YOUR OBJECTIVE
Could you reproduce the lines below from the one with "(auto simp: s_def)" through the one with "g + \<bar>s\<bar>"? Keep both ends and add nothing.

::: SOURCE MATERIAL :::

(* Let $p,q$ be integers with $1+|p|<|q|$ and let $t(x)=x^2+px-q$. Then every polynomial $f\in\mathbb{Z}[x]$ is equivalent modulo $t$ to a reduced polynomial, i.e. there is $\widetilde f(x)=\sum_{i=0}^m b_ix^i\in\mathbb{Z}[x]$ with $|b_i|<|q|$ for all $i$ such that $t$ divides $f-\widetilde f$.
   Context: A polynomial $\sum_i a_ix^i\in\mathbb{Z}[x]$ is called reduced (with respect to $q$) if $|a_i|<|q|$ for all $i$. *)

theory Defs
  imports "HOL-Computational_Algebra.Polynomial"
begin

definition reduced :: "int \<Rightarrow> int poly \<Rightarrow> bool" where
  "reduced q f \<longleftrightarrow> (\<forall>i. \<bar>coeff f i\<bar> < \<bar>q\<bar>)"

end

(*
  Measure a polynomial by the sum of the absolute values of its coefficients. If some
  coefficient a_i of g satisfies |a_i| >= |t_0|, adding +-x^i t with the sign that
  cancels against a_i lowers that coefficient by |t_0| in absolute value and raises the
  others by at most ||t|| - |t_0| in total. For t = x^2 + px - q this is a net decrease
  of |q| - |p| - 1 > 0, so iterating terminates at a reduced polynomial congruent to g.
*)
theory Submission
  imports Defs
begin

definition poly_l1_norm :: "'a::linordered_idom poly \<Rightarrow> 'a" where
  "poly_l1_norm f = (\<Sum>i\<le>degree f. \<bar>coeff f i\<bar>)"

lemma poly_l1_norm_conv_sum:
  assumes "degree f < n"
  shows "poly_l1_norm f = (\<Sum>i<n. \<bar>coeff f i\<bar>)"
  unfolding poly_l1_norm_def
  by (rule sum.mono_neutral_left) (use assms in \<open>auto simp: coeff_eq_0\<close>)

lemma abs_coeff_le_poly_l1_norm: "\<bar>coeff f i\<bar> \<le> poly_l1_norm f"
proof -
  have "\<bar>coeff f i\<bar> \<le> (\<Sum>j<Suc (degree f + i). \<bar>coeff f j\<bar>)"
    by (rule member_le_sum) auto
  then show ?thesis
    by (simp add: poly_l1_norm_conv_sum[of f "Suc (degree f + i)"])
qed

lemma poly_l1_norm_add_le:
  "poly_l1_norm (f + g)
     \<le> poly_l1_norm f + poly_l1_norm g - (\<bar>coeff f i\<bar> + \<bar>coeff g i\<bar> - \<bar>coeff (f + g) i\<bar>)"
proof -
  define n where "n = Suc (degree f + degree g + i)"
  have "degree (f + g) < n"
    using degree_add_le_max[of f g] by (simp add: n_def)
  define d where "d j = (if j = i then \<bar>coeff f i\<bar> + \<bar>coeff g i\<bar> - \<bar>coeff (f + g) i\<bar> else 0)" for j
  have "(\<Sum>j<n. \<bar>coeff (f + g) j\<bar>) \<le> (\<Sum>j<n. \<bar>coeff f j\<bar> + \<bar>coeff g j\<bar> - d j)"
    by (rule sum_mono) (auto simp: d_def abs_triangle_ineq)
  also have "\<dots> = (\<Sum>j<n. \<bar>coeff f j\<bar>) + (\<Sum>j<n. \<bar>coeff g j\<bar>) - d i"
    by (simp add: sum_subtractf sum.distrib d_def n_def)
  finally show ?thesis
    using \<open>degree (f + g) < n\<close>
    by (simp add: poly_l1_norm_conv_sum[of _ n] n_def d_def)
qed

lemma poly_l1_norm_monom_mult: "poly_l1_norm (monom c i * f) = \<bar>c\<bar> * poly_l1_norm f"
proof -
  define n where "n = Suc (degree f)"
  have "degree (monom c i * f) < n + i"
    using degree_mult_le[of "monom c i" f] degree_monom_le[of c i] by (simp add: n_def)
  then have "poly_l1_norm (monom c i * f) = (\<Sum>j<n + i. \<bar>coeff (monom c i * f) j\<bar>)"
    by (rule poly_l1_norm_conv_sum)
  also have "\<dots> = (\<Sum>j\<in>{i..<n + i}. \<bar>c * coeff f (j - i)\<bar>)"
    by (rule sum.mono_neutral_cong_right) (auto simp: coeff_monom_mult)
  also have "\<dots> = (\<Sum>j<n. \<bar>c\<bar> * \<bar>coeff f j\<bar>)"
    using sum.shift_bounds_nat_ivl[of "\<lambda>j. \<bar>c * coeff f (j - i)\<bar>" 0 i n]
    by (simp add: abs_mult atLeast0LessThan)
  also have "\<dots> = \<bar>c\<bar> * poly_l1_norm f"
    using poly_l1_norm_conv_sum[of f n] by (simp add: n_def sum_distrib_left distrib_left)
  finally show ?thesis .
qed

lemma ex_add_mult_poly_l1_norm_le:
  assumes "\<bar>coeff t 0\<bar> \<le> \<bar>coeff g i\<bar>"
  shows "\<exists>u. poly_l1_norm (g + u * t) \<le> poly_l1_norm g + poly_l1_norm t - 2 * \<bar>coeff t 0\<bar>"
proof
  define s where "s = - sgn (coeff g i) * sgn (coeff t 0)"
  have s: "\<bar>s\<bar> \<le> 1"
    by (simp add: s_def abs_mult abs_sgn_eq)
  have cancel: "\<bar>coeff g i + s * coeff t 0\<bar> = \<bar>coeff g i\<bar> - \<bar>coeff t 0\<bar>"
    using assms
    by (cases "coeff g i" "0::'a" rule: linorder_cases;
        cases "coeff t 0" "0::'a" rule: linorder_cases) (auto simp: s_def)
  have "poly_l1_norm (g + monom s i * t)
      \<le> poly_l1_norm g + \<bar>s\<bar> * poly_l1_norm t - (\<bar>s\<bar> * \<bar>coeff t 0\<bar> + \<bar>coeff t 0\<bar>)"
    using poly_l1_norm_add_le[of g "monom s i * t" i]
    by (simp add: poly_l1_norm_monom_mult coeff_monom_mult cancel abs_mult)
  also have "\<dots> \<le> poly_l1_norm g + poly_l1_norm t - 2 * \<bar>coeff t 0\<bar>"
    using mult_right_mono[OF s, of "poly_l1_norm t - \<bar>coeff t 0\<bar>"] abs_coeff_le_poly_l1_norm[of t 0]
    by (simp add: algebra_simps)
  finally show "poly_l1_norm (g + monom s i * t) \<le> poly_l1_norm g + poly_l1_norm t - 2 * \<bar>coeff t 0\<bar>" .
qed

lemma exists_reduced_mod_poly:
  fixes t g :: "int poly"
  assumes "poly_l1_norm t < 2 * \<bar>coeff t 0\<bar>"
  shows "\<exists>h. reduced (coeff t 0) h \<and> t dvd g - h"
proof (induction "nat (poly_l1_norm g)" arbitrary: g rule: less_induct)
  case less
  show ?case
  proof (cases "reduced (coeff t 0) g")
    case True
    then show ?thesis by auto
  next
    case False
    then obtain i where "\<bar>coeff t 0\<bar> \<le> \<bar>coeff g i\<bar>"
      by (auto simp: reduced_def not_less)
    then obtain u where
      u: "poly_l1_norm (g + u * t) \<le> poly_l1_norm g + poly_l1_norm t - 2 * \<bar>coeff t 0\<bar>"
      using ex_add_mult_poly_l1_norm_le by blast
    have "nat (poly_l1_norm (g + u * t)) < nat (poly_l1_norm g)"
      using u assms abs_coeff_le_poly_l1_norm[of "g + u * t" 0] by linarith
    then obtain h where h: "reduced (coeff t 0) h" "t dvd g + u * t - h"
      using less.hyps by blast
    have "g - h = (g + u * t - h) - u * t" by simp
    with h(2) have "t dvd g - h" by (metis dvd_diff dvd_triv_right)
    with h(1) show ?thesis by blast
  qed
qed

theorem proposition1:
  fixes p q :: int and f :: "int poly"
  assumes "1 + \<bar>p\<bar> < \<bar>q\<bar>"
  shows "\<exists>g :: int poly. reduced q g \<and> [:-q, p, 1:] dvd (f - g)"
proof -
  have "poly_l1_norm [:-q, p, 1:] = \<bar>q\<bar> + \<bar>p\<bar> + 1"
    by (simp add: poly_l1_norm_def numeral_2_eq_2)
  then have "poly_l1_norm [:-q, p, 1:] < 2 * \<bar>coeff [:-q, p, 1:] 0\<bar>"
    using assms by simp
  moreover have "reduced (-q) = reduced q"
    by (simp add: reduced_def fun_eq_iff)
  ultimately show ?thesis
    using exists_reduced_mod_poly[of "[:-q, p, 1:]" f] by simp
qed

end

:::

OUTPUT OF THE EXERCISE
        cases "coeff t 0" "0::'a" rule: linorder_cases) (auto simp: s_def)
  have "poly_l1_norm (g + monom s i * t)
      \<le> poly_l1_norm g + \<bar>s\<bar> * poly_l1_norm t - (\<bar>s\<bar> * \<bar>coeff t 0\<bar> + \<bar>coeff t 0\<bar>)"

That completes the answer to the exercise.